The Binarly REsearch Team has discovered an SMM callout vulnerability on a Gigabyte device allowing a potential attacker to hijack execution flow of code running in the System Management Mode. Exploitation of this issue could lead to escalation of privileges to SMM.

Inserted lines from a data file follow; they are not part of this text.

lemma cluster_edges:
  assumes state: "construction_state R V E" and C: "C = {i\<in>R. p i = p (Min R)}"
  shows "{(spec_parent n V E i, i) | i. i \<in> C \<and> (\<exists>j\<in>V. i \<in> ts n V E j)} = {(a, b) \<in> Es. b \<in> C}"
proof -
  have V: "V \<subseteq> Vs" and R: "R = Vs - V" and E: "E \<subseteq> Es" and closed: "ancestor_closed V"
    using state unfolding construction_state_def by auto
  have parent: "u \<in> V \<and> i \<in> ts n V E u \<and> spec_parent n V E i = u"
    if "i \<in> C" and ui: "(u, i) \<in> Es" for i u
  proof -
    have "i \<in> R" "p i = p (Min R)" "i \<in> Vs" using \<open>i \<in> C\<close> C R by auto
    note processed = cluster_parent_processed[OF state this(1,2) ui]
    show ?thesis using spec_parent_eq_parent[OF V E closed processed(1) ui \<open>i \<in> Vs\<close> processed(2)]
      processed(1) by simp
  qed
  show ?thesis
  proof (intro equalityI subsetI)
    fix x assume "x \<in> {(spec_parent n V E i, i) | i. i \<in> C \<and> (\<exists>j\<in>V. i \<in> ts n V E j)}"
    then obtain i j where x: "x = (spec_parent n V E i, i)" and "i \<in> C" "j \<in> V" by blast
    then have "1 \<in> V" using ancestor_closed_rtrancl[OF closed root_reaches] V by blast
    then have "i \<in> Vs" "i \<noteq> 1" using \<open>i \<in> C\<close> C R by auto
    then obtain u where "(u, i) \<in> Es" using parent_exists by blast
    with parent[OF \<open>i \<in> C\<close> this] show "x \<in> {(a, b) \<in> Es. b \<in> C}" using x \<open>i \<in> C\<close> by simp
  next
    fix x assume "x \<in> {(a, b) \<in> Es. b \<in> C}"
    then obtain a b where x: "x = (a, b)" and ab: "(a, b) \<in> Es" and "b \<in> C" by blast
    with parent[OF \<open>b \<in> C\<close> ab]
    show "x \<in> {(spec_parent n V E i, i) | i. i \<in> C \<and> (\<exists>j\<in>V. i \<in> ts n V E j)}" by auto
  qed
qed

lemma gen_step_construction_state:
  assumes state: "construction_state R V E" and "R \<noteq> {}"
  obtains R' V' E' where "gen_step n p (R, V, E) = (R', V', E')"
    and "construction_state R' V' E'" and "R' \<subset> R"
proof -
  define C where "C = {i\<in>R. p i = p (Min R)}"
  have R: "R = Vs - V" and E: "E = {(a, b) \<in> Es. b \<in> V}"
    using state unfolding construction_state_def by simp_all
  have "finite R" using R finite_nodes by simp
  then have "Min R \<in> C" unfolding C_def using \<open>R \<noteq> {}\<close> by (simp add: Min_in)
  have "gen_step n p (R, V, E) =
      (R - C, V \<union> C, E \<union> {(spec_parent n V E i, i) | i. i \<in> C \<and> (\<exists>j\<in>V. i \<in> ts n V E j)})"
    using \<open>R \<noteq> {}\<close> unfolding gen_step_def C_def Let_def by simp
  also have "\<dots> = (R - C, V \<union> C, {(a, b) \<in> Es. b \<in> V \<union> C})"
    unfolding cluster_edges[OF state C_def] using E by auto
  finally have "gen_step n p (R, V, E) = (R - C, V \<union> C, {(a, b) \<in> Es. b \<in> V \<union> C})" .
  moreover have "construction_state (R - C) (V \<union> C) {(a, b) \<in> Es. b \<in> V \<union> C}"
  proof -
    have "ancestor_closed (V \<union> C)"
      unfolding ancestor_closed_def
    proof (intro ballI allI impI)
      fix b a assume "b \<in> V \<union> C" "(a, b) \<in> Es"
      then show "a \<in> V \<union> C"
        using state cluster_parent_processed(1)[OF state] unfolding construction_state_def
          ancestor_closed_def C_def by blast
    qed
    then show ?thesis using state R unfolding construction_state_def C_def by auto
  qed
  moreover have "R - C \<subset> R" using \<open>Min R \<in> C\<close> C_def by blast
  ultimately show thesis using that by blast
qed

lemma construction_complete: "snd ((gen_step n p ^^ card Vs) (Vs, {}, {})) = (Vs, Es)"
proof -
  let ?P = "\<lambda>(R, V, E). construction_state R V E"
  have "?P (gen_step n p s) \<and> fst (gen_step n p s) \<subset> fst s" if "?P s" "fst s \<noteq> {}" for s
  proof -
    obtain R V E where s: "s = (R, V, E)" by (cases s)
    have "construction_state R V E" "R \<noteq> {}" using that unfolding s by auto
    then obtain R' V' E' where "gen_step n p (R, V, E) = (R', V', E')"
      "construction_state R' V' E'" "R' \<subset> R"
      by (rule gen_step_construction_state)
    then show ?thesis unfolding s by simp
  qed
  moreover have "fst s = {} \<Longrightarrow> gen_step n p s = s" for s
    unfolding gen_step_def by (auto split: prod.split)
  moreover have "?P (Vs, {}, {})"
    unfolding construction_state_def ancestor_closed_def by simp
  ultimately have "?P ((gen_step n p ^^ card Vs) (Vs, {}, {})) \<and>
      fst ((gen_step n p ^^ card Vs) (Vs, {}, {})) = {}"
    using finite_nodes by (intro funpow_exhausts_fst) auto
  then show ?thesis using edges_subset unfolding construction_state_def
    by (auto split: prod.splits)
qed

end

theorem theorem1:
  fixes n :: nat and p :: "nat \<Rightarrow> 'q" and keep :: "'q \<Rightarrow> bool"
    and Vs :: "nat set" and Es :: "(nat \<times> nat) set"
  assumes "candidate_SHT n Vs Es 1"
    and "well_formatted p Vs Es"
    and "header_phrases n p keep = Vs"
  shows "oracle_gen n p keep = (Vs, Es)"
proof -
  interpret well_formatted_sht n Vs Es p using assms(1,2) by unfold_locales
  show ?thesis unfolding oracle_gen_def Let_def assms(3) by (rule construction_complete)
qed

end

An attacker can exploit this vulnerability to elevate privileges from ring 0 to ring -2, resulting in the execution of arbitrary code in System Management Mode - an environment more privileged than operating system (OS) and completely isolated from it. Running arbitrary code in SMM additionally bypasses SMM-based SPI flash protections against modifications. This can help an attacker to install a firmware backdoor/implant into the BIOS. Such malicious firmware code in the BIOS could persist across operating system re-installs. Additionally, this vulnerability could potentially be used by threat actors to bypass security mechanisms provided by the UEFI firmware (for example, Secure Boot and some types of memory isolation for hypervisors).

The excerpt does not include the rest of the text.